● Exercise goal: Read the listing below and copy out each line where the word "unfolding" occurs.

● The data:
== Segment start ==

lemma rec_cone_bounded:
  fixes K :: "'a::real_normed_vector set"
  assumes "bounded K" "K \<noteq> {}"
  shows "rec_cone K = {0}"
proof -
  have "d = 0" if d: "d \<in> rec_cone K" for d
  proof (rule ccontr)
    assume "d \<noteq> 0"
    obtain B where B: "\<forall>x\<in>K. norm x \<le> B" using assms(1) bounded_iff by auto
    obtain x where x: "x \<in> K" using assms(2) by auto
    define t where "t = (B + norm x + 1) / norm d"
    have "B \<ge> 0" using B x norm_ge_zero order_trans by blast
    then have "t \<ge> 0" using \<open>d \<noteq> 0\<close> by (simp add: t_def)
    then have "norm (x + t *\<^sub>R d) \<le> B"
      using B d x by (auto simp: rec_cone_def)
    moreover have "norm (t *\<^sub>R d) = B + norm x + 1"
      using \<open>d \<noteq> 0\<close> \<open>t \<ge> 0\<close> \<open>B \<ge> 0\<close> by (simp add: t_def)
    moreover have "norm (t *\<^sub>R d) \<le> norm (x + t *\<^sub>R d) + norm x"
      by (metis add_diff_cancel_left' norm_triangle_ineq4)
    ultimately show False by linarith
  qed
  then show ?thesis
    by (auto simp: rec_cone_def)
qed

lemma hyperplane_slice_scale_set:
  assumes pos: "\<forall>y\<in>K. a \<bullet> y > 0"
  shows "{g. \<exists>\<rho>\<ge>0. g \<in> scale_set \<rho> K \<and> a \<bullet> g = 1}
           = persp a ` K \<union> {d \<in> rec_cone K. a \<bullet> d = 1}"
proof safe
  fix g \<rho> assume "0 \<le> \<rho>" "g \<in> scale_set \<rho> K" "a \<bullet> g = 1" "g \<notin> persp a ` K"
  show "g \<in> rec_cone K"
  proof (cases "\<rho> > 0")
    case True
    then obtain y where y: "y \<in> K" "g = \<rho> *\<^sub>R y"
      using \<open>g \<in> scale_set \<rho> K\<close> by (auto simp: scale_set_def)
    then have "\<rho> * (a \<bullet> y) = 1"
      using \<open>a \<bullet> g = 1\<close> by simp
    then have "\<rho> = 1 / (a \<bullet> y)"
      by (metis mult_zero_right nonzero_eq_divide_eq zero_neq_one)
    then have "g = persp a y"
      using y by (simp add: persp_def)
    then show ?thesis
      using y \<open>g \<notin> persp a ` K\<close> by auto
  next
    case False
    then show ?thesis
      using \<open>g \<in> scale_set \<rho> K\<close> by (simp add: scale_set_def)
  qed
next
  fix y assume "y \<in> K"
  then have "a \<bullet> y > 0" using pos by auto
  then show "\<exists>\<rho>\<ge>0. persp a y \<in> scale_set \<rho> K \<and> a \<bullet> persp a y = 1"
    using \<open>y \<in> K\<close> by (intro exI[of _ "1 / (a \<bullet> y)"]) (auto simp: scale_set_def persp_def)
next
  fix d assume "d \<in> rec_cone K" "a \<bullet> d = 1"
  then show "\<exists>\<rho>\<ge>0. d \<in> scale_set \<rho> K \<and> a \<bullet> d = 1"
    by (intro exI[of _ 0]) (simp add: scale_set_def)
qed

lemma hyperplane_slice_scale_set_bounded:
  assumes "\<forall>y\<in>K. a \<bullet> y > 0" "bounded K" "K \<noteq> {}"
  shows "{g. \<exists>\<rho>\<ge>0. g \<in> scale_set \<rho> K \<and> a \<bullet> g = 1} = persp a ` K"
  using hyperplane_slice_scale_set[OF assms(1)] rec_cone_bounded[OF assms(2,3)] by auto

lemma rec_cone_limit:
  fixes C :: "'a::real_normed_vector set"
  assumes "convex C" "closed C" and y: "\<And>k. y k \<in> C" and t: "\<And>k. t k \<ge> 0"
    and "t \<longlonglongrightarrow> 0" and ty: "(\<lambda>k. t k *\<^sub>R y k) \<longlonglongrightarrow> d"
  shows "d \<in> rec_cone C"
  unfolding rec_cone_def
proof safe
  fix x and s :: real assume "x \<in> C" "0 \<le> s"
  define w where "w k = (1 - s * t k) *\<^sub>R x + s *\<^sub>R (t k *\<^sub>R y k)" for k
  have "w \<longlonglongrightarrow> (1 - s * 0) *\<^sub>R x + s *\<^sub>R d"
    unfolding w_def
    by (intro tendsto_intros \<open>t \<longlonglongrightarrow> 0\<close> ty)
  then have lim: "w \<longlonglongrightarrow> x + s *\<^sub>R d" by simp
  have "eventually (\<lambda>k. s * t k < 1) sequentially"
    using order_tendstoD(2)[OF tendsto_mult_right_zero[OF \<open>t \<longlonglongrightarrow> 0\<close>, of s]] by simp
  then have "eventually (\<lambda>k. w k \<in> C) sequentially"
  proof eventually_elim
    case (elim k)
    have "w k = (1 - s * t k) *\<^sub>R x + (s * t k) *\<^sub>R y k"
      by (simp add: w_def)
    also have "\<dots> \<in> C"
      using elim t[of k] \<open>0 \<le> s\<close> by (intro convexD[OF \<open>convex C\<close> \<open>x \<in> C\<close> y]) auto
    finally show ?case .
  qed
  then show "x + s *\<^sub>R d \<in> C"
    using Lim_in_closed_set[OF \<open>closed C\<close> _ trivial_limit_sequentially lim] by blast
qed

lemma persp_tendsto_rec_direction:
  assumes "d \<in> rec_cone C" "y \<in> C" "a \<bullet> y > 0" "a \<bullet> d = 1"
  shows "(\<lambda>n. persp a (y + real n *\<^sub>R d)) \<longlonglongrightarrow> d"
proof -
  define c where "c = a \<bullet> y"
  have "(\<lambda>n. (1 / (c + real n)) *\<^sub>R y + (real n / (c + real n)) *\<^sub>R d) \<longlonglongrightarrow> 0 *\<^sub>R y + 1 *\<^sub>R d"
    using \<open>a \<bullet> y > 0\<close> unfolding c_def by (intro tendsto_intros) real_asymp+
  then show ?thesis
    using assms(4) by (simp add: persp_def c_def inner_add_right scaleR_add_right)
qed

lemma closure_subset_halfspace_ge:
  "\<forall>y\<in>K. a \<bullet> y > e \<Longrightarrow> closure K \<subseteq> {y. a \<bullet> y \<ge> e}"
  by (rule closure_minimal) (auto simp: closed_halfspace_ge)

lemma closure_persp_image_subset:
  assumes "convex K" and pos: "\<forall>y\<in>K. a \<bullet> y > e" and "e > 0"
  shows "closure (persp a ` K) \<subseteq> persp a ` closure K \<union> {d \<in> rec_cone (closure K). a \<bullet> d = 1}"
proof
  fix g assume "g \<in> closure (persp a ` K)"
  then obtain z where z: "\<forall>n. z n \<in> persp a ` K" and "z \<longlonglongrightarrow> g"
    unfolding closure_sequential by blast
  then have "\<forall>n. \<exists>y. y \<in> K \<and> z n = persp a y"
    by blast
  then obtain y where y: "\<And>n. y n \<in> K" and zy: "\<And>n. z n = persp a (y n)"
    using choice[of "\<lambda>n y. y \<in> K \<and> z n = persp a y"] by blast
  have ay: "a \<bullet> y n > e" for n
    using pos y by blast
  have "(\<lambda>n. a \<bullet> z n) \<longlonglongrightarrow> a \<bullet> g"
    by (intro tendsto_intros \<open>z \<longlonglongrightarrow> g\<close>)
  moreover have "(\<lambda>n. a \<bullet> z n) = (\<lambda>n. 1)"
  proof
    fix n
    show "a \<bullet> z n = 1"
      using ay[of n] \<open>e > 0\<close> by (simp add: zy inner_persp)
  qed
  ultimately have ag: "a \<bullet> g = 1"
    by (simp add: LIMSEQ_const_iff)
  define u where "u n = 1 / (a \<bullet> y n)" for n
  have u: "u n > 0" "u n \<le> 1 / e" for n
    using ay[of n] \<open>e > 0\<close> by (simp_all add: u_def frac_le)
  then have "\<forall>n. u n \<in> {0..1/e}"
    by (simp add: less_imp_le)
  then obtain l r where "l \<in> {0..1/e}" "strict_mono r" and ul: "(u \<circ> r) \<longlonglongrightarrow> l"
    by (rule seq_compactE[OF compact_imp_seq_compact[OF compact_Icc]])
  have zu: "z n = u n *\<^sub>R y n" for n
    by (simp add: zy u_def persp_def)
  have zr: "(\<lambda>k. u (r k) *\<^sub>R y (r k)) \<longlonglongrightarrow> g"
    using LIMSEQ_subseq_LIMSEQ[OF \<open>z \<longlonglongrightarrow> g\<close> \<open>strict_mono r\<close>] by (simp add: comp_def zu)
  have yK: "y (r k) \<in> closure K" for k
    using y closure_subset by blast
  show "g \<in> persp a ` closure K \<union> {d \<in> rec_cone (closure K). a \<bullet> d = 1}"
  proof (cases "l > 0")
    case True
    have "(\<lambda>k. (1 / u (r k)) *\<^sub>R (u (r k) *\<^sub>R y (r k))) \<longlonglongrightarrow> (1 / l) *\<^sub>R g"
      using ul True by (intro tendsto_intros zr) (simp_all add: comp_def)
    moreover have "u n \<noteq> 0" for n
      using u(1)[of n] by simp
    ultimately have "(\<lambda>k. y (r k)) \<longlonglongrightarrow> (1 / l) *\<^sub>R g"
      by simp
    then have "(1 / l) *\<^sub>R g \<in> closure K"
      by (rule closed_sequentially[OF closed_closure yK])
    moreover have "persp a ((1 / l) *\<^sub>R g) = g"
      using ag True by (simp add: persp_def)
    ultimately show ?thesis
      by (metis UnI1 image_eqI)
  next
    case False
    then have "(u \<circ> r) \<longlonglongrightarrow> 0"
      using ul \<open>l \<in> {0..1/e}\<close> by simp
    then have "g \<in> rec_cone (closure K)"
      using \<open>convex K\<close> u(1) yK zr
      by (intro rec_cone_limit[where y="y \<circ> r" and t="u \<circ> r"]) (auto simp: less_imp_le)
    then show ?thesis
      using ag by simp
  qed
qed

== Segment end ==

● Expected output:
  unfolding rec_cone_def
    unfolding w_def
    using \<open>a \<bullet> y > 0\<close> unfolding c_def by (intro tendsto_intros) real_asymp+
    unfolding closure_sequential by blast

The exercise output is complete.